#### GOAL OF THE EXERCISE
Which lines run from the one containing "bool) \<Rightarrow> 'a \<Rightarrow>" to the end of the entries? Copy them exactly, both ends included, and give nothing else.

Stored items
(* Consider periods $t=0,1,\dots,T$ with treatment statuses $D_0,D_1,\dots,D_T\in\{0,1\}$, $D_0=0$, observed outcomes $Y_t$ and potential outcomes $Y_t(0,d_1,\dots,d_T)$ for each path $(0,d_1,\dots,d_T)\in\{0\}\times\{0,1\}^T$, such that $$Y_t=\sum_{(d_1,\dots,d_T)\in\{0,1\}^T}Y_t(0,d_1,\dots,d_T)\,\mathbf 1\{D_0=0,D_1=d_1,\dots,D_T=d_T\},$$ and let $\mathcal I_0$ be a set of pre-treatment periods $\iota_0$, in each of which the outcome equals the untreated potential outcome $Y_{\iota_0}(0)$ for all units. Fix two paths $\mathbf d=(0,d_1,\dots,d_T)$ and $\mathbf d'=(0,d'_1,\dots,d'_T)$ and write $\mathbf D=(D_0,\dots,D_T)$. For $t\ge1$ define $$ATT_t=\mathbb E[Y_t(\mathbf d)-Y_t(\mathbf d')\mid \mathbf D=\mathbf d],\qquad \theta^t_{DIM}=\mathbb E[Y_t\mid \mathbf D=\mathbf d]-\mathbb E[Y_t\mid \mathbf D=\mathbf d'],$$ $$SB_t=\mathbb E[Y_t(\mathbf d')\mid \mathbf D=\mathbf d]-\mathbb E[Y_t(\mathbf d')\mid \mathbf D=\mathbf d'],$$ and for $\iota_0\in\mathcal I_0$, $$SB_{\iota_0}=\mathbb E[Y_{\iota_0}(0)\mid \mathbf D=\mathbf d]-\mathbb E[Y_{\iota_0}(0)\mid \mathbf D=\mathbf d'].$$ Assume (extended bias set stability) that for each $t$, $SB_t\in\big[\inf_{\iota_0\in\mathcal I_0}SB_{\iota_0},\ \sup_{\iota_0\in\mathcal I_0}SB_{\iota_0}\big]$. Then $$ATT_t\in\Big[\theta^t_{DIM}-\sup_{\iota_0\in\mathcal I_0}SB_{\iota_0},\ \theta^t_{DIM}-\inf_{\iota_0\in\mathcal I_0}SB_{\iota_0}\Big]\equiv\Theta_I^t,$$ and these bounds are sharp: $\Theta_I^t$ is the identified set for $ATT_t$, i.e. every value in $\Theta_I^t$ is attained by some joint distribution of latent and observed variables consistent with the observed data distribution and the assumptions.
   Context: All conditional expectations are assumed to exist, and the conditioning events $\{\mathbf D=\mathbf d\}$, $\{\mathbf D=\mathbf d'\}$ have positive probability. $ATT_t$ is the average effect in period $t$, for units following path $\mathbf d$, of following $\mathbf d$ rather than $\mathbf d'$. *)

theory Defs
  imports "HOL-Probability.Probability"
begin

text \<open>Treatment paths (0,d_1,...,d_T) are encoded as functions nat => bool with
  d 0 = False and d s = False for s > T (canonical representative).
  Periods of outcomes are integers; the post-treatment periods are 1..T.\<close>

definition is_path :: "nat \<Rightarrow> (nat \<Rightarrow> bool) \<Rightarrow> bool" where
  "is_path T d \<longleftrightarrow> d 0 = False \<and> (\<forall>s>T. d s = False)"

definition zero_path :: "nat \<Rightarrow> bool" where
  "zero_path = (\<lambda>_. False)"

definition Dpath :: "nat \<Rightarrow> (nat \<Rightarrow> 'a \<Rightarrow> bool) \<Rightarrow> 'a \<Rightarrow> nat \<Rightarrow> bool" where
  "Dpath T D \<omega> = (\<lambda>s. if s \<le> T then D s \<omega> else False)"

definition path_event :: "'a measure \<Rightarrow> nat \<Rightarrow> (nat \<Rightarrow> 'a \<Rightarrow> bool) \<Rightarrow> (nat \<Rightarrow> bool) \<Rightarrow> 'a set" where
  "path_event M T D d = {\<omega> \<in> space M. \<forall>s\<le>T. D s \<omega> = d s}"

definition cexp :: "'a measure \<Rightarrow> ('a \<Rightarrow> real) \<Rightarrow> 'a set \<Rightarrow> real" where
  "cexp M X A = (LINT \<omega>:A|M. X \<omega>) / measure M A"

#### COMPLETED TASK
definition Dpath :: "nat \<Rightarrow> (nat \<Rightarrow> 'a \<Rightarrow> bool) \<Rightarrow> 'a \<Rightarrow> nat \<Rightarrow> bool" where
  "Dpath T D \<omega> = (\<lambda>s. if s \<le> T then D s \<omega> else False)"

definition path_event :: "'a measure \<Rightarrow> nat \<Rightarrow> (nat \<Rightarrow> 'a \<Rightarrow> bool) \<Rightarrow> (nat \<Rightarrow> bool) \<Rightarrow> 'a set" where
  "path_event M T D d = {\<omega> \<in> space M. \<forall>s\<le>T. D s \<omega> = d s}"

definition cexp :: "'a measure \<Rightarrow> ('a \<Rightarrow> real) \<Rightarrow> 'a set \<Rightarrow> real" where
  "cexp M X A = (LINT \<omega>:A|M. X \<omega>) / measure M A"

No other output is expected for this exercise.